Wie stark muss unterstützt und automatisiert werden?
Nicht nur für den Laien im Bereich Data Analytics sind Funktionen zur Visualisierung der Daten und der Analyseergebnisse wichtig, wie zum Beispiel Dashboards. Gute Visualisierungen können dabei helfen, die verfügbaren Daten besser zu verstehen und neue Ideen für Datenanalysen zu entwickeln. Man spricht von der visuellen Erforschung der Daten (Visual Exploration).
Auf Datenmanagement-Funktionen sollte man viel Wert legen
Wenn sich Abfragen und Analysen möglichst in natürlicher Sprache (Natural Language) formulieren und definieren lassen, hilft dies gerade Anwendern, die nicht programmieren können (No-Code-Funktionen). Ebenso sind Vorlagen wie zum Beispiel Abfragetemplates hilfreich, die die Anwender für ihre Zwecke anpassen können.

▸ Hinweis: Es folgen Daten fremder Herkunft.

(* For every natural number $n$ and all annotated terms $g,d$: if $\mathrm{decide}(n,g,d)=\mathrm{true}$, then the sequent $(g,d)$ is derivable in the orthologic sequent calculus $\mathcal{P}$.
   Context: Terms are generated by the grammar $t ::= \mathrm{Var}(k) \mid \mathrm{Meet}(t,t) \mid \mathrm{Join}(t,t) \mid \mathrm{Not}(t)$, where $k$ ranges over positive integers. An annotated term is either $N$, $L\,t$ or $R\,t$ for a term $t$. A sequent is an ordered pair of annotated terms. The proof system $\mathcal{P}$: the derivable sequents form the least set of sequents closed under the following rules, where $\gamma,\delta$ are arbitrary annotated terms and $a,b$ are terms. - Hyp: $(L\,a,R\,a)$. - Weaken: from $(\gamma,N)$ infer $(\gamma,\delta)$. - Contract: from $(\gamma,\gamma)$ infer $(\gamma,N)$. - Swap: from $(\gamma,\delta)$ infer $(\delta,\gamma)$. - LeftAnd1 and LeftAnd2: from $(\gamma,L\,a)$, respectively from $(\gamma,L\,b)$, infer $(\gamma,L\,\mathrm{Meet}(a,b))$. - LeftOr: from $(\gamma,L\,a)$ and $(\gamma,L\,b)$ infer $(\gamma,L\,\mathrm{Join}(a,b))$. - LeftNot: from $(\gamma,R\,a)$ infer $(\gamma,L\,\mathrm{Not}(a))$. - RightAnd: from $(\gamma,R\,a)$ and $(\gamma,R\,b)$ infer $(\gamma,R\,\mathrm{Meet}(a,b))$. - RightOr1 and RightOr2: from $(\gamma,R\,a)$, respectively from $(\gamma,R\,b)$, infer $(\gamma,R\,\mathrm{Join}(a,b))$. - RightNot: from $(\gamma,L\,a)$ infer $(\gamma,R\,\mathrm{Not}(a))$. - Cut: from $(\gamma,R\,b)$ and $(L\,b,\delta)$ infer $(\gamma,\delta)$. The fuel-bounded proof-search function $\mathrm{decide}:\mathbb{N}\times\mathrm{AnTerm}\times\mathrm{AnTerm}\to\{\mathrm{true},\mathrm{false}\}$ is defined recursively. First, $\mathrm{decide}(0,g,d)=\mathrm{false}$. Second, $\mathrm{decide}(n+1,g,d)=\mathrm{true}$ iff at least one of the following holds, where every recursive call uses fuel $n$: - $g=L\,\mathrm{Var}(a)$ and $d=R\,\mathrm{Var}(a)$ for the same $a$; - $\mathrm{decide}(n,g,N)$; - $d=N$ and $\mathrm{decide}(n,g,g)$; - $g=L\,\mathrm{Meet}(a,b)$ and $\mathrm{decide}(n,L\,a,d)$; - $g=L\,\mathrm{Meet}(a,b)$ and $\mathrm{decide}(n,L\,b,d)$; - $g=L\,\mathrm{Join}(a,b)$ and both $\mathrm{decide}(n,L\,a,d)$ and $\mathrm{decide}(n,L\,b,d)$; - $g=L\,\mathrm{Not}(a)$ and $\mathrm{decide}(n,R\,a,d)$; - $g=R\,\mathrm{Join}(a,b)$ and $\mathrm{decide}(n,R\,a,d)$; - $g=R\,\mathrm{Join}(a,b)$ and $\mathrm{decide}(n,R\,b,d)$; - $g=R\,\mathrm{Meet}(a,b)$ and both $\mathrm{decide}(n,R\,a,d)$ and $\mathrm{decide}(n,R\,b,d)$; - $g=R\,\mathrm{Not}(a)$ and $\mathrm{decide}(n,L\,a,d)$; - $\mathrm{decide}(n,d,g)$. *)

theory Defs
  imports Main
begin

datatype oterm = Var nat | Meet "oterm" "oterm" | Join "oterm" "oterm" | Not "oterm"

datatype anTerm = N | L "oterm" | R "oterm"

inductive prov :: "anTerm \<Rightarrow> anTerm \<Rightarrow> bool" where
  Hyp: "prov (L a) (R a)"
| Weaken: "prov \<gamma> N \<Longrightarrow> prov \<gamma> \<delta>"
| Contract: "prov \<gamma> \<gamma> \<Longrightarrow> prov \<gamma> N"
| Swap: "prov \<gamma> \<delta> \<Longrightarrow> prov \<delta> \<gamma>"
| LeftAnd1: "prov \<gamma> (L a) \<Longrightarrow> prov \<gamma> (L (Meet a b))"
| LeftAnd2: "prov \<gamma> (L b) \<Longrightarrow> prov \<gamma> (L (Meet a b))"
| LeftOr: "prov \<gamma> (L a) \<Longrightarrow> prov \<gamma> (L b) \<Longrightarrow> prov \<gamma> (L (Join a b))"
| LeftNot: "prov \<gamma> (R a) \<Longrightarrow> prov \<gamma> (L (Not a))"
| RightAnd: "prov \<gamma> (R a) \<Longrightarrow> prov \<gamma> (R b) \<Longrightarrow> prov \<gamma> (R (Meet a b))"
| RightOr1: "prov \<gamma> (R a) \<Longrightarrow> prov \<gamma> (R (Join a b))"
| RightOr2: "prov \<gamma> (R b) \<Longrightarrow> prov \<gamma> (R (Join a b))"
| RightNot: "prov \<gamma> (L a) \<Longrightarrow> prov \<gamma> (R (Not a))"
| Cut: "prov \<gamma> (R b) \<Longrightarrow> prov (L b) \<delta> \<Longrightarrow> prov \<gamma> \<delta>"

fun decide :: "nat \<Rightarrow> anTerm \<Rightarrow> anTerm \<Rightarrow> bool" where
  "decide 0 g d = False"
| "decide (Suc n) g d =
    ((\<exists>a. g = L (Var a) \<and> d = R (Var a))
     \<or> decide n g N
     \<or> (d = N \<and> decide n g g)
     \<or> (\<exists>a b. g = L (Meet a b) \<and> decide n (L a) d)
     \<or> (\<exists>a b. g = L (Meet a b) \<and> decide n (L b) d)
     \<or> (\<exists>a b. g = L (Join a b) \<and> decide n (L a) d \<and> decide n (L b) d)
     \<or> (\<exists>a. g = L (Not a) \<and> decide n (R a) d)
     \<or> (\<exists>a b. g = R (Join a b) \<and> decide n (R a) d)
     \<or> (\<exists>a b. g = R (Join a b) \<and> decide n (R b) d)
     \<or> (\<exists>a b. g = R (Meet a b) \<and> decide n (R a) d \<and> decide n (R b) d)
     \<or> (\<exists>a. g = R (Not a) \<and> decide n (L a) d)
     \<or> decide n d g)"

end

theory Submission
  imports Defs
begin

text \<open>Each logical clause of decide puts the principal formula in the first component,
whereas the rules of the calculus introduce it in the second; Swap mediates between the two.\<close>

lemma prov_L_Meet1: "prov (L a) \<delta> \<Longrightarrow> prov (L (Meet a b)) \<delta>"
  by (meson Swap LeftAnd1)

lemma prov_L_Meet2: "prov (L b) \<delta> \<Longrightarrow> prov (L (Meet a b)) \<delta>"
  by (meson Swap LeftAnd2)

lemma prov_L_Join: "prov (L a) \<delta> \<Longrightarrow> prov (L b) \<delta> \<Longrightarrow> prov (L (Join a b)) \<delta>"
  by (meson Swap LeftOr)

lemma prov_L_Not: "prov (R a) \<delta> \<Longrightarrow> prov (L (Not a)) \<delta>"
  by (meson Swap LeftNot)

lemma prov_R_Join1: "prov (R a) \<delta> \<Longrightarrow> prov (R (Join a b)) \<delta>"
  by (meson Swap RightOr1)

lemma prov_R_Join2: "prov (R b) \<delta> \<Longrightarrow> prov (R (Join a b)) \<delta>"
  by (meson Swap RightOr2)

lemma prov_R_Meet: "prov (R a) \<delta> \<Longrightarrow> prov (R b) \<delta> \<Longrightarrow> prov (R (Meet a b)) \<delta>"
  by (meson Swap RightAnd)

lemma prov_R_Not: "prov (L a) \<delta> \<Longrightarrow> prov (R (Not a)) \<delta>"
  by (meson Swap RightNot)

theorem mainTheorem2:
  fixes n :: nat and g d :: anTerm
  assumes "decide n g d"
  shows "prov g d"
  using assms
proof (induction n arbitrary: g d)
  case 0
  then show ?case by simp
next
  case (Suc n)
  from Suc.prems show ?case
    by (auto intro: Suc.IH Hyp Weaken Contract Swap prov_L_Meet1 prov_L_Meet2 prov_L_Join
        prov_L_Not prov_R_Join1 prov_R_Join2 prov_R_Meet prov_R_Not)
qed

end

Um den Aufwand bei den Datenanalysen zu reduzieren und die Prozessqualität zu sichern, sind automatisierte Workflows nützlich, die einmal definiert immer durchlaufen und dadurch eine Anleitung darstellen.
Wie viel Hilfe brauchen die Fachabteilungen?
Onlinehilfen, die das Data Analytics Tool bietet, sind eine sinnvolle Ergänzung zu den Schulungsmaterialien, die es für das Tool geben sollte, wobei die Schulung und die Hilfe speziell auf den Anwender aus einem Fachbereich zugeschnitten sein sollte, also auf die Marketingabteilung und nicht auf die Abteilung Data Science, wenn es denn eine solche gibt.
Verschiedene Tools haben auch eine mehr oder weniger rege Community, in der sich Anwender austauschen können. Die ist kein Ersatz für einen Support des Herstellers, aber eine wichtige Unterstützung.
Zunehmend werden Funktionen auf Basis von Machine Learning (ML) und Artificial Intelligence (AI) in den Analysetools Einzug halten, die dem Anwender viele Schritte abnehmen können, also passende Abfragen vorschlagen und die geplanten Analysen auf Stimmigkeit der Definition überprüfen.
Müssen auch Expertenfunktionen verfügbar sein?
Wenn Anpassungen am Standardtool notwendig werden, die über die Bedienung des Anwendermenüs und Auswahl von Optionen hinausgehen, sind in der Regel Data Scientists und Programmierer gefragt. Da stellt sich die Frage, ob es denn auch einen wirklichen "Profi-Mode" gibt, der eine Anpassung und Programmierung zulässt. Es kann aber auch sein, dass es bereits Module zur Erweiterung gibt, die sich zum Beispiel über den Marktplatz zu dem Analysetool beziehen lassen. Je nach Tool können Marketplaces auch bereits komplette Definitionen von Analysen vorhalten, die man sich herunterladen und installieren kann.
Die größten Knackpunkte bei Data-Analytics-Tools
In der Praxis gibt es einige Problembereiche, die die Auswahl und die spätere Nutzung von Data Analytics Tools erschweren. Oftmals sind es nicht die teils fehlenden Berichte und Visualisierungen, die ein Tool nicht brauchbar erscheinen lassen. Datenanalysen stehen und fallen mit den Daten, also mit der verfügbaren Datenqualität, mit den Funktionen zur Datenaufbereitung, mit den Datenquellen, die sich integrieren lassen. Nicht zuletzt spielt auch das Datenvolumen eine große Rolle, das sich in vertretbarer Zeit analysieren lässt.
Viele Tools werden hauptsächlich nach den Analysefunktionen beurteilt und ausgewählt. Doch die Schritte davor sind mindestens genauso wichtig. Wenn Sie also ein Data Analytics-Tool suchen, dann sollten Sie nicht nur daran denken, dass Sie oftmals Ersatz für den Analysten brauchen. Hier können die Selfservice- Funktionen eine große Hilfe sein, um die Anwender aus den Fachbereichen bis zu einem gewissen Grad zu Data Analysts zu machen.
Es sind meistens die Funktionen, die die Daten sammeln, aufbereiten, bereinigen sollen, die einen großen Unterschied machen können. Bei Data Analytics Tools geht es eben nicht nur um Tools und Analysten, sondern hauptsächlich um Daten. Legen Sie deshalb sehr viel Wert auf Datenmanagement-Funktionen bei dem Data Analytics Tool der Wahl.